◆ **TASK INPUTS**
lemma admissible_lift: "admissible G That (supp_on {r + 1..d})"
  unfolding admissible_def
proof (intro conjI ballI)
  fix w assume w: "w \<in> Wv G"
  show "That w \<notin> supp_on {r + 1..d}"
  proof
    assume "That w \<in> supp_on {r + 1..d}"
    then have "T w = 0" using trunc_That[OF w] trunc_supp_on_ge by metis
    then show False using tcd_map_white[OF T w] by simp
  qed
next
  fix b assume b: "b \<in> Bv G"
  have "x = 0" if "x \<in> supp_on {r + 1..d}" "x \<in> cspan (That ` nbrs G b)" for x
    using lift_span_trunc_eq_zero[OF b] trunc_supp_on_ge that by (simp add: cspan_eq_span)
  moreover have "0 \<in> supp_on {r + 1..d} \<inter> cspan (That ` nbrs G b)"
    by (simp add: cspan_eq_span CV.span_zero supp_on_def)
  ultimately show "supp_on {r + 1..d} \<inter> cspan (That ` nbrs G b) = {\<lambda>i. 0}"
    unfolding zero_fun_def[symmetric] by blast
qed

lemma in_span_supp_on_insert_lift:
  assumes "w \<in> Wv G"
  shows "T w \<in> CV.span (supp_on {r + 1..d} \<union> {That w})"
proof -
  have "That w - T w \<in> supp_on {r + 1..d}"
    using diff_trunc_in_supp_on[OF That_cvec[OF assms]] trunc_That[OF assms] by metis
  then have "That w - (That w - T w) \<in> CV.span (supp_on {r + 1..d} \<union> {That w})"
    by (intro CV.span_diff CV.span_base) auto
  then show ?thesis by simp
qed

end

theorem proposition4p9:
  fixes G :: "('v, 'd) btb" and T :: "'v \<Rightarrow> nat \<Rightarrow> complex" and r d :: nat
  assumes "btb_graph G" and "minimal_btb G"
    and "1 \<le> r" and "r < d" and "int d \<le> int (card (Wv G)) - int (card (Bv G)) - 1"
    and "tcd_map G r T" and "tcd_rank G T = r"
  shows "\<exists>That U V \<phi>.
           tcd_map G d That \<and> tcd_rank G That = d \<and>
           csubspace (d + 1) (d - r) U \<and> admissible G That U \<and>
           csubspace (d + 1) (r + 1) V \<and> U \<inter> V = {\<lambda>i. 0} \<and>
           clinear_on V \<phi> \<and> bij_betw \<phi> V (cvec (r + 1)) \<and>
           (\<forall>w\<in>Wv G. \<exists>v. v \<in> V \<inter> cspan (U \<union> {That w}) \<and> v \<noteq> (\<lambda>i. 0) \<and>
                          proj_eq (T w) (\<phi> v))"
proof -
  note G = assms(1) and T = assms(6)
  have rank: "cvec (r + 1) \<subseteq> CV.span (T ` Wv G)"
    using tcd_rank_eq_iff_cvec_subset_span[OF G T assms(3)] assms(7) by blast
  have card: "d + 1 + card (Bv G) \<le> card (Wv G)" using assms(5) by linarith
  obtain That where That: "\<And>w. w \<in> Wv G \<Longrightarrow> That w \<in> cvec (d + 1)"
      "\<And>w. w \<in> Wv G \<Longrightarrow> trunc (r + 1) (That w) = T w"
      "\<And>b. b \<in> Bv G \<Longrightarrow> relations (nbrs G b) T \<subseteq> relations (nbrs G b) That"
      "cvec (d + 1) \<subseteq> CV.span (That ` Wv G)"
    using exists_tcd_lift[OF G T rank card] assms(4) by auto
  have tcd_That: "tcd_map G d That" by (rule tcd_map_lift[OF G T That(1-3)])
  have U_index: "{r + 1..d} \<subseteq> {..<d + 1}" "{r + 1..d} \<inter> {..<r + 1} = {}" by auto
  have "tcd_rank G That = d"
    using tcd_rank_eq_iff_cvec_subset_span[OF G tcd_That] That(4) assms(3,4) by simp
  moreover have "csubspace (d + 1) (d - r) (supp_on {r + 1..d})"
    using csubspace_supp_on[OF U_index(1)] by simp
  moreover have "csubspace (d + 1) (r + 1) (cvec (r + 1))"
    using csubspace_supp_on[of "{..<r + 1}" "d + 1"] assms(4) by (simp add: cvec_eq_supp_on)
  moreover have "supp_on {r + 1..d} \<inter> cvec (r + 1) = {\<lambda>i. 0}"
    unfolding cvec_eq_supp_on supp_on_Int U_index(2) supp_on_empty by (simp add: zero_fun_def)
  moreover have "T w \<in> cvec (r + 1) \<inter> cspan (supp_on {r + 1..d} \<union> {That w}) \<and>
      T w \<noteq> (\<lambda>i. 0) \<and> proj_eq (T w) (id (T w))" if "w \<in> Wv G" for w
    using tcd_map_white[OF T that] in_span_supp_on_insert_lift[OF G T That(1-3) that]
    by (simp add: cspan_eq_span proj_eq_refl zero_fun_def)
  ultimately show ?thesis
    using tcd_That admissible_lift[OF G T That(1-3)] bij_betw_id
    by (intro exI[of _ That] exI[of _ "supp_on {r + 1..d}"] exI[of _ "cvec (r + 1)"] exI[of _ id])
      (auto simp: clinear_on_def)
qed

end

◆ **WHAT YOU SHOULD DO**
Every entry should be output exactly as written, please.

◆ **OUTPUT**
lemma admissible_lift: "admissible G That (supp_on {r + 1..d})"
  unfolding admissible_def
proof (intro conjI ballI)
  fix w assume w: "w \<in> Wv G"
  show "That w \<notin> supp_on {r + 1..d}"
  proof
    assume "That w \<in> supp_on {r + 1..d}"
    then have "T w = 0" using trunc_That[OF w] trunc_supp_on_ge by metis
    then show False using tcd_map_white[OF T w] by simp
  qed
next
  fix b assume b: "b \<in> Bv G"
  have "x = 0" if "x \<in> supp_on {r + 1..d}" "x \<in> cspan (That ` nbrs G b)" for x
    using lift_span_trunc_eq_zero[OF b] trunc_supp_on_ge that by (simp add: cspan_eq_span)
  moreover have "0 \<in> supp_on {r + 1..d} \<inter> cspan (That ` nbrs G b)"
    by (simp add: cspan_eq_span CV.span_zero supp_on_def)
  ultimately show "supp_on {r + 1..d} \<inter> cspan (That ` nbrs G b) = {\<lambda>i. 0}"
    unfolding zero_fun_def[symmetric] by blast
qed

lemma in_span_supp_on_insert_lift:
  assumes "w \<in> Wv G"
  shows "T w \<in> CV.span (supp_on {r + 1..d} \<union> {That w})"
proof -
  have "That w - T w \<in> supp_on {r + 1..d}"
    using diff_trunc_in_supp_on[OF That_cvec[OF assms]] trunc_That[OF assms] by metis
  then have "That w - (That w - T w) \<in> CV.span (supp_on {r + 1..d} \<union> {That w})"
    by (intro CV.span_diff CV.span_base) auto
  then show ?thesis by simp
qed

end

theorem proposition4p9:
  fixes G :: "('v, 'd) btb" and T :: "'v \<Rightarrow> nat \<Rightarrow> complex" and r d :: nat
  assumes "btb_graph G" and "minimal_btb G"
    and "1 \<le> r" and "r < d" and "int d \<le> int (card (Wv G)) - int (card (Bv G)) - 1"
    and "tcd_map G r T" and "tcd_rank G T = r"
  shows "\<exists>That U V \<phi>.
           tcd_map G d That \<and> tcd_rank G That = d \<and>
           csubspace (d + 1) (d - r) U \<and> admissible G That U \<and>
           csubspace (d + 1) (r + 1) V \<and> U \<inter> V = {\<lambda>i. 0} \<and>
           clinear_on V \<phi> \<and> bij_betw \<phi> V (cvec (r + 1)) \<and>
           (\<forall>w\<in>Wv G. \<exists>v. v \<in> V \<inter> cspan (U \<union> {That w}) \<and> v \<noteq> (\<lambda>i. 0) \<and>
                          proj_eq (T w) (\<phi> v))"
proof -
  note G = assms(1) and T = assms(6)
  have rank: "cvec (r + 1) \<subseteq> CV.span (T ` Wv G)"
    using tcd_rank_eq_iff_cvec_subset_span[OF G T assms(3)] assms(7) by blast
  have card: "d + 1 + card (Bv G) \<le> card (Wv G)" using assms(5) by linarith
  obtain That where That: "\<And>w. w \<in> Wv G \<Longrightarrow> That w \<in> cvec (d + 1)"
      "\<And>w. w \<in> Wv G \<Longrightarrow> trunc (r + 1) (That w) = T w"
      "\<And>b. b \<in> Bv G \<Longrightarrow> relations (nbrs G b) T \<subseteq> relations (nbrs G b) That"
      "cvec (d + 1) \<subseteq> CV.span (That ` Wv G)"
    using exists_tcd_lift[OF G T rank card] assms(4) by auto
  have tcd_That: "tcd_map G d That" by (rule tcd_map_lift[OF G T That(1-3)])
  have U_index: "{r + 1..d} \<subseteq> {..<d + 1}" "{r + 1..d} \<inter> {..<r + 1} = {}" by auto
  have "tcd_rank G That = d"
    using tcd_rank_eq_iff_cvec_subset_span[OF G tcd_That] That(4) assms(3,4) by simp
  moreover have "csubspace (d + 1) (d - r) (supp_on {r + 1..d})"
    using csubspace_supp_on[OF U_index(1)] by simp
  moreover have "csubspace (d + 1) (r + 1) (cvec (r + 1))"
    using csubspace_supp_on[of "{..<r + 1}" "d + 1"] assms(4) by (simp add: cvec_eq_supp_on)
  moreover have "supp_on {r + 1..d} \<inter> cvec (r + 1) = {\<lambda>i. 0}"
    unfolding cvec_eq_supp_on supp_on_Int U_index(2) supp_on_empty by (simp add: zero_fun_def)
  moreover have "T w \<in> cvec (r + 1) \<inter> cspan (supp_on {r + 1..d} \<union> {That w}) \<and>
      T w \<noteq> (\<lambda>i. 0) \<and> proj_eq (T w) (id (T w))" if "w \<in> Wv G" for w
    using tcd_map_white[OF T that] in_span_supp_on_insert_lift[OF G T That(1-3) that]
    by (simp add: cspan_eq_span proj_eq_refl zero_fun_def)
  ultimately show ?thesis
    using tcd_That admissible_lift[OF G T That(1-3)] bij_betw_id
    by (intro exI[of _ That] exI[of _ "supp_on {r + 1..d}"] exI[of _ "cvec (r + 1)"] exI[of _ id])
      (auto simp: clinear_on_def)
qed

end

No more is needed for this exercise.